Tinha enfiado uma mão por entre nós dois e chegado ao meu clitóris, esfregando-o a cada vez que o marido dela se afastava um pouco de mim nos seus movimentos de vai-e-vem ao mesmo tempo que me beijava.
- Meu deussss, Cris!!! Se meu marido descobre isso eu estou ferradaaaa!!! - eu disse entre gemidos enquanto os dois me castigavam sem dó.
Eu estava maravilhada, pois nunca tinha sentido nada assim. Superexcitada, fodida por um pênis duro e trabalhada pela mão da Cris, era mais do que eu pudera alguma vez fantasiar.
De repente comecei a gozar e parecia quase uma explosão. Me agarrei ao pescoço do Marcos e implorei para que não parasse. - Ahhhhh!!! Que macho gostosooooo!!! Meteeeee!!! Meteeee!! - eu gemia desesperada.
Eu queria continuar assim para toda a vida. Eu nunca tinha sido fodida e esfregada no grelo ao mesmo tempo.
O prazer foi tanto que até chorei. Quando acabei de gozar, estava exausta. O Marcos continuava com o pênis duro. Eu vi ele se virar para a sua mulher e pedir a ela que ficasse de quatro.
- Agora quero comer a minha mulherzinha!!! - ouvi ele dizer a ela antes de fechar meus olhos e adormecer completamente satisfeita.
Este foi o primeiro de muitos encontros meus com a Cris e o seu marido. Um dia, me atrevi a perguntar ao meu marido o que ele pensava de um casal ter sexo com outro casal, pois queria juntar eu, ele, a Cris e o marido dela.
Ele olhou muito para mim e quando eu pensava que ele tinha ficado ofendido, ele me surpreendeu com a confissão: quando era solteiro, ele e uma namorada o fizeram com um casal amigo e que tinham adorado a experiência.
Depois, ele confessou que já tinha feito sexo com duas mulheres mas que não o excitara tanto.
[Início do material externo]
(* Assume the setup below, the continuity condition, and the summability condition $\sup_{i\in\mathbb{Z}^d}\sum_{k\ge 0}|V_i(k)|\,\lambda_i(k)<+\infty$. Then for every site $i\in\mathbb{Z}^d$ and every $k\ge -1$ there exists a family of probability distributions $p_i^{[k]}(\cdot\mid w)$ on $A$, indexed by local configurations $w\in A^{V_i(k)}$ (for $k=-1$ this is a single probability distribution $p_i^{[-1]}(\cdot)$ on $A$), such that for all $a\in A$ and $\eta\in A^{\mathbb{Z}^d}$ $$c_i(a,\eta)=M_i\,p_i(a\mid\eta),\qquad p_i(a\mid\eta)=\sum_{k\ge -1}\lambda_i(k)\,p_i^{[k]}\big(a\mid \eta(V_i(k))\big).$$ Consequently, for every cylinder function $f$, $$Lf(\eta)=\sum_{i\in\mathbb{Z}^d}\sum_{a\in A}\sum_{k\ge -1}M_i\,\lambda_i(k)\,p_i^{[k]}\big(a\mid\eta(V_i(k))\big)\,[f(\eta^{i,a})-f(\eta)],$$ where $L$ is the generator defined below.
   Context: Setup. Let $A$ be a finite set (colors) and $d\ge1$. Configurations are elements $\eta\in A^{\mathbb{Z}^d}$; for $V\subset\mathbb{Z}^d$, $\eta(V)\in A^V$ is the restriction. For $i\in\mathbb{Z}^d$, $a\in A$, $\eta^{i,a}$ denotes the configuration equal to $\eta$ off $i$ and equal to $a$ at $i$. Let $\|j\|=\sum_{u=1}^d|j_u|$, $V_i(k)=\{j\in\mathbb{Z}^d:\|j-i\|\le k\}$ for $k\ge0$, and $V_i(-1)=\emptyset$. For each $i$, $\eta$ and $a\neq\eta(i)$ a number $c_i(a,\eta)>0$ is given with $c_i(a,\eta)\le\Gamma_i<\infty$. For each $i$ a constant $0<M_i<\infty$ is fixed with $\sum_{a\ne\eta(i)}c_i(a,\eta)\le M_i$ for all $\eta$ (e.g. $M_i=|A|\Gamma_i$), and one sets $c_i(\eta(i),\eta)=M_i-\sum_{a\neq\eta(i)}c_i(a,\eta)$; thus $p_i(a\mid\eta):=c_i(a,\eta)/M_i$ is a probability distribution on $A$ for each $\eta$. Continuity condition: for every $a\in A$, $\sup_{i}\sup\{|c_i(a,\eta)-c_i(a,\zeta)|:\eta(V_i(k))=\zeta(V_i(k))\}\to0$ as $k\to\infty$. Define $$\alpha_i(-1)=\sum_{a\in A}\min\Big(\inf_{\zeta:\zeta(i)\ne a}c_i(a,\zeta),\;M_i-\sup_{\zeta:\zeta(i)=a}\sum_{b\ne a}c_i(b,\zeta)\Big),$$ and for $k\ge0$ $$\alpha_i(k)=\min_{w\in A^{V_i(k)}}\Big(\sum_{a\ne w(i)}\inf_{\zeta:\zeta(V_i(k))=w}c_i(a,\zeta)+M_i-\sup_{\zeta:\zeta(V_i(k))=w}\sum_{b\ne w(i)}c_i(b,\zeta)\Big).$$ Set $\lambda_i(-1)=\alpha_i(-1)/M_i$ and $\lambda_i(k)=(\alpha_i(k)-\alpha_i(k-1))/M_i$ for $k\ge0$ (under continuity $\alpha_i(k)\uparrow M_i$, so $(\lambda_i(k))_{k\ge-1}$ is a probability distribution on $\{-1,0,1,\dots\}$). The multicolor system has generator, on cylinder functions $f$, $Lf(\eta)=\sum_{i\in\mathbb{Z}^d}\sum_{a\ne\eta(i)}c_i(a,\eta)[f(\eta^{i,a})-f(\eta)]$. *)

theory Defs
  imports "HOL-Analysis.Analysis" "HOL-Probability.Probability_Mass_Function"
begin
lemma walk_len_Suc_iff: "walk_len E u (Suc n) v \<longleftrightarrow> (\<exists>w. E u w \<and> walk_len E w n v)"
  by (auto elim: walk_len.cases intro: walk_len.intros)

(* Keeps the index of NS V E T = Ni V E 1 T from being rewritten to Suc 0, so that the
   rules about NS below stay applicable. *)
declare One_nat_def [simp del]

lemma mem_NS_iff: "u \<in> NS V E T \<longleftrightarrow> u \<in> V \<and> u \<notin> T \<and> (\<exists>s\<in>T. E s u)"
  unfolding Ni_def dist_set_eq_def One_nat_def by (auto simp: walk_len_Suc_iff walk_len_0_iff)

lemma mem_N2v_iff: "u \<in> N2v V E x \<longleftrightarrow> u \<in> V \<and> u \<noteq> x \<and> \<not> E x u \<and> (\<exists>m. E x m \<and> E m u)"
  unfolding Ni_def dist_set_eq_def numeral_2_eq_2
  by (auto simp: walk_len_Suc_iff walk_len_0_iff less_Suc_eq)

lemma has_cycle_subgraphI:
  assumes "distinct cs" "set cs \<subseteq> V" "successively E (cs @ [hd cs])"
  shows "has_cycle_subgraph V E (length cs)"
  unfolding has_cycle_subgraph_def
proof (intro exI conjI allI impI)
  let ?k = "length cs"
  show "inj_on ((!) cs) {0..<?k}" using assms(1) by (simp add: inj_on_nth)
  show "(!) cs ` {0..<?k} \<subseteq> V" by (auto intro!: subsetD[OF assms(2)])
  fix i assume i: "i < ?k"
  have "E ((cs @ [hd cs]) ! i) ((cs @ [hd cs]) ! Suc i)"
    using successively_nth[OF assms(3)] i by simp
  moreover have "(cs @ [hd cs]) ! Suc i = cs ! (Suc i mod ?k)"
  proof -
    have "cs \<noteq> []" using i by auto
    then show ?thesis using i by (cases "Suc i = ?k") (auto simp: nth_append hd_conv_nth)
  qed
  ultimately show "E (cs ! i) (cs ! (Suc i mod ?k))"
    using i by (simp add: nth_append)
qed

lemma card_gt_2_obtains_other:
  assumes "card S > 2"
  obtains v where "v \<in> S" "v \<noteq> s" "v \<noteq> t"
proof -
  have "\<not> S \<subseteq> {s, t}"
    using assms card_mono[of "{s, t}" S] card_insert_le_m1[of 2 "{t}" s] by auto
  then show thesis using that by blast
qed

definition component_of :: "('a \<Rightarrow> 'a \<Rightarrow> bool) \<Rightarrow> 'a set \<Rightarrow> 'a \<Rightarrow> 'a set" where
  "component_of E W w = {v \<in> W. (\<lambda>p q. p \<in> W \<and> q \<in> W \<and> E p q)\<^sup>*\<^sup>* w v}"

lemma components_eq_image_component_of: "components E W = component_of E W ` W"
  unfolding components_def component_of_def by blast

lemma components_subset: "A \<in> components E W \<Longrightarrow> A \<subseteq> W"
  unfolding components_def by blast

lemma in_component_ofD: "v \<in> component_of E W w \<Longrightarrow> v \<in> W"
  unfolding component_of_def by blast

lemma self_in_component_of: "w \<in> W \<Longrightarrow> w \<in> component_of E W w"
  unfolding component_of_def by simp

lemma component_of_in_components: "w \<in> W \<Longrightarrow> component_of E W w \<in> components E W"
  by (simp add: components_eq_image_component_of)

lemma component_of_eq:
  assumes "symp E" "v \<in> component_of E W w"
  shows "component_of E W v = component_of E W w"
proof -
  let ?R = "\<lambda>p q. p \<in> W \<and> q \<in> W \<and> E p q"
  have "symp ?R" using assms(1) by (auto simp: symp_def)
  then have "symp ?R\<^sup>*\<^sup>*" by (rule symp_rtranclp)
  moreover have "?R\<^sup>*\<^sup>* w v" using assms(2) unfolding component_of_def by simp
  ultimately show ?thesis
    unfolding component_of_def by (auto dest: sympD intro: rtranclp_trans)
qed

lemma component_of_induct [consumes 1, case_names self step]:
  assumes "v \<in> component_of E W w" and "P w"
    and "\<And>y z. y \<in> component_of E W w \<Longrightarrow> z \<in> component_of E W w \<Longrightarrow> E y z \<Longrightarrow> P y \<Longrightarrow> P z"
  shows "P v"
proof -
  have "(\<lambda>p q. p \<in> W \<and> q \<in> W \<and> E p q)\<^sup>*\<^sup>* w v" using assms(1) unfolding component_of_def by simp
  then show ?thesis
  proof (induction rule: rtranclp_induct)
    case base show ?case by (fact assms(2))
  next
    case (step y z)
    then have "y \<in> component_of E W w" "z \<in> component_of E W w"
      unfolding component_of_def by (auto intro: rtranclp.rtrancl_into_rtrancl)
    with step show ?case using assms(3) by blast
  qed
qed

lemma N2v_not_adjacent: "q \<in> N2v V E x \<Longrightarrow> \<not> E x q"
  by (simp add: mem_N2v_iff)

lemma Union_Astar_subset: "\<Union> (Astar V E x) \<subseteq> N2v V E x"
  unfolding Astar_def by (auto dest: components_subset)

locale C67_free_graph =
  fixes V :: "'a set" and E :: "'a \<Rightarrow> 'a \<Rightarrow> bool"
  assumes simple: "simple_graph V E" and C67_free: "no_C6_C7 V E"
begin

lemma edge_sym: "E u v \<Longrightarrow> E v u"
  using simple unfolding simple_graph_def by blast

lemma edge_irrefl [simp]: "\<not> E v v"
  using simple unfolding simple_graph_def by blast

lemma edge_in_V: "E u v \<Longrightarrow> u \<in> V \<and> v \<in> V"
  using simple unfolding simple_graph_def by blast

lemma symp_E: "symp E"
  by (auto intro: sympI edge_sym)

lemma mem_Nv_iff: "u \<in> Nv V E v \<longleftrightarrow> E v u"
  by (auto simp: mem_NS_iff dest: edge_in_V)

lemma no_6_7_cycle:
  assumes "length cs \<in> {6, 7}" "distinct cs" and closed: "successively E (cs @ [hd cs])"
  shows False
proof -
  have "set cs \<subseteq> V"
  proof
    fix v assume "v \<in> set cs"
    then obtain i where "i < length cs" "v = cs ! i" by (auto simp: in_set_conv_nth)
    then have "E v ((cs @ [hd cs]) ! Suc i)"
      using successively_nth[OF closed] by (simp add: nth_append)
    then show "v \<in> V" using edge_in_V by blast
  qed
  with assms(2) closed have "has_cycle_subgraph V E (length cs)" by (intro has_cycle_subgraphI)
  with assms(1) C67_free show False unfolding no_C6_C7_def by auto
qed

lemma Astar_memI:
  assumes "B \<in> components E (N2v V E x)" "b \<in> B"
    and "\<And>u c. E x u \<Longrightarrow> c \<in> B \<Longrightarrow> E c u \<Longrightarrow> E b u"
  shows "B \<in> Astar V E x"
proof -
  have "u \<notin> B" if "E x u" for u
    using that components_subset[OF assms(1)] N2v_not_adjacent[of _ V E x] by blast
  then have "Nv V E x \<inter> Nv V E b = Nv V E x \<inter> NS V E B"
    using assms(2,3) by (auto simp: mem_Nv_iff mem_NS_iff dest: edge_in_V)
  then show ?thesis using assms(1,2) unfolding Astar_def by blast
qed

lemma Dset_not_adjacent_Astar:
  assumes "s \<in> Dset V E x" "B \<in> Astar V E x" "w \<in> B"
  shows "\<not> E s w"
proof
  assume "E s w"
  have "E x s" using assms(1) by (simp add: Dset_def mem_Nv_iff)
  then have "s \<notin> \<Union> (Astar V E x)"
    using Union_Astar_subset[of V E x] N2v_not_adjacent[of s V E x] by blast
  with edge_sym[OF \<open>E s w\<close>] assms(2,3) have "s \<in> NS V E (\<Union> (Astar V E x))"
    by (auto simp: mem_NS_iff dest: edge_in_V)
  with assms(1) show False by (simp add: Dset_def)
qed

end

locale many_common_neighbours = C67_free_graph +
  fixes x a :: 'a and S :: "'a set"
  assumes a_in_N2: "a \<in> N2v V E x"
    and S_subset: "S \<subseteq> Nv V E x \<inter> Nv V E a"
    and card_S: "card S > 2"
begin

abbreviation N2 :: "'a set" where "N2 \<equiv> N2v V E x"

lemma S_adjacent:
  assumes "s \<in> S"
  shows "E x s" "E s x" "E a s" "E s a"
proof -
  show "E x s" "E a s" using assms S_subset by (auto simp: mem_Nv_iff)
  then show "E s x" "E s a" by (auto intro: edge_sym)
qed

lemma N2_not_adjacent:
  assumes "q \<in> N2"
  shows "q \<noteq> x" "\<not> E x q" "\<not> E q x"
  using assms by (auto simp: mem_N2v_iff dest: edge_sym)

lemma N2_obtain_middle:
  assumes "q \<in> N2"
  obtains t where "E x t" "E t x" "E t q" "E q t"
  using assms by (auto simp: mem_N2v_iff intro: edge_sym)

lemma no_N2_path_avoiding_a:
  assumes "q1 \<in> N2" "q2 \<in> N2" "q2 \<noteq> a" "E a q1"
  shows "\<not> E q1 q2"
proof
  assume "E q1 q2"
  obtain t where t: "E x t" "E t x" "E t q2" "E q2 t" using N2_obtain_middle[OF assms(2)] .
  obtain v where v: "v \<in> S" "v \<noteq> t" using card_gt_2_obtains_other[OF card_S] by metis
  have "distinct [a, q1, q2, t, x, v]"
    using assms \<open>E q1 q2\<close> t v S_adjacent[OF v(1)] N2_not_adjacent[OF a_in_N2]
      N2_not_adjacent[OF assms(1)] N2_not_adjacent[OF assms(2)]
    by auto
  moreover have "successively E ([a, q1, q2, t, x, v] @ [a])"
    using assms(4) \<open>E q1 q2\<close> t S_adjacent[OF v(1)] by simp
  ultimately show False by (intro no_6_7_cycle[of "[a, q1, q2, t, x, v]"]) simp_all
qed

lemma component_of_a_star:
  assumes "v \<in> component_of E N2 a"
  shows "v = a \<or> E a v"
  using assms
proof (induction rule: component_of_induct)
  case self
  then show ?case by simp
next
  case (step y z)
  then show ?case
    using no_N2_path_avoiding_a[of y z] by (auto dest: in_component_ofD)
qed

lemma unique_N_neighbour:
  assumes "z \<in> N2" "z \<noteq> a" "s \<in> S" "E s z" "E x u" "E z u"
  shows "u = s"
proof (rule ccontr)
  assume "u \<noteq> s"
  obtain v where v: "v \<in> S" "v \<noteq> s" "v \<noteq> u" using card_gt_2_obtains_other[OF card_S] by metis
  have "distinct [z, s, a, v, x, u]"
    using assms \<open>u \<noteq> s\<close> v S_adjacent[OF v(1)] S_adjacent[OF assms(3)]
      N2_not_adjacent[OF a_in_N2] N2_not_adjacent[OF assms(1)]
    by auto
  moreover have "successively E ([z, s, a, v, x, u] @ [z])"
    using assms(4-6) S_adjacent[OF assms(3)] S_adjacent[OF v(1)] by (simp add: edge_sym)
  ultimately show False by (intro no_6_7_cycle[of "[z, s, a, v, x, u]"]) simp_all
qed

lemma S_neighbour_spreads:
  assumes "z \<in> N2" "z \<noteq> a" "s \<in> S" "E s z" "q \<in> N2" "q \<noteq> a" "E z q"
  shows "E s q"
proof (rule ccontr)
  assume "\<not> E s q"
  obtain t where t: "E x t" "E t x" "E t q" "E q t" using N2_obtain_middle[OF assms(5)] .
  obtain v where v: "v \<in> S" "v \<noteq> s" "v \<noteq> t" using card_gt_2_obtains_other[OF card_S] by metis
  have "distinct [z, q, t, x, v, a, s]"
    using assms \<open>\<not> E s q\<close> t v S_adjacent[OF v(1)] S_adjacent[OF assms(3)]
      N2_not_adjacent[OF a_in_N2] N2_not_adjacent[OF assms(1)] N2_not_adjacent[OF assms(5)]
    by auto
  moreover have "successively E ([z, q, t, x, v, a, s] @ [z])"
    using assms(4,7) t S_adjacent[OF assms(3)] S_adjacent[OF v(1)] by (simp add: edge_sym)
  ultimately show False by (intro no_6_7_cycle[of "[z, q, t, x, v, a, s]"]) simp_all
qed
Sorrindo, lhe perguntei se ele e um amigo já tinham fodido a mesma mulher ao mesmo tempo.
A resposta dele não podia ser mais direta: essa é a minha fantasia mais secreta!
Quando foi a vez do meu marido me perguntar o que eu pensava de tudo aquilo, o beijei na boca e, agarrando e esfregando seu pênis já duro por cima da calça, lhe respondi: meu amor, suas fantasias batem exatamente com as minhas.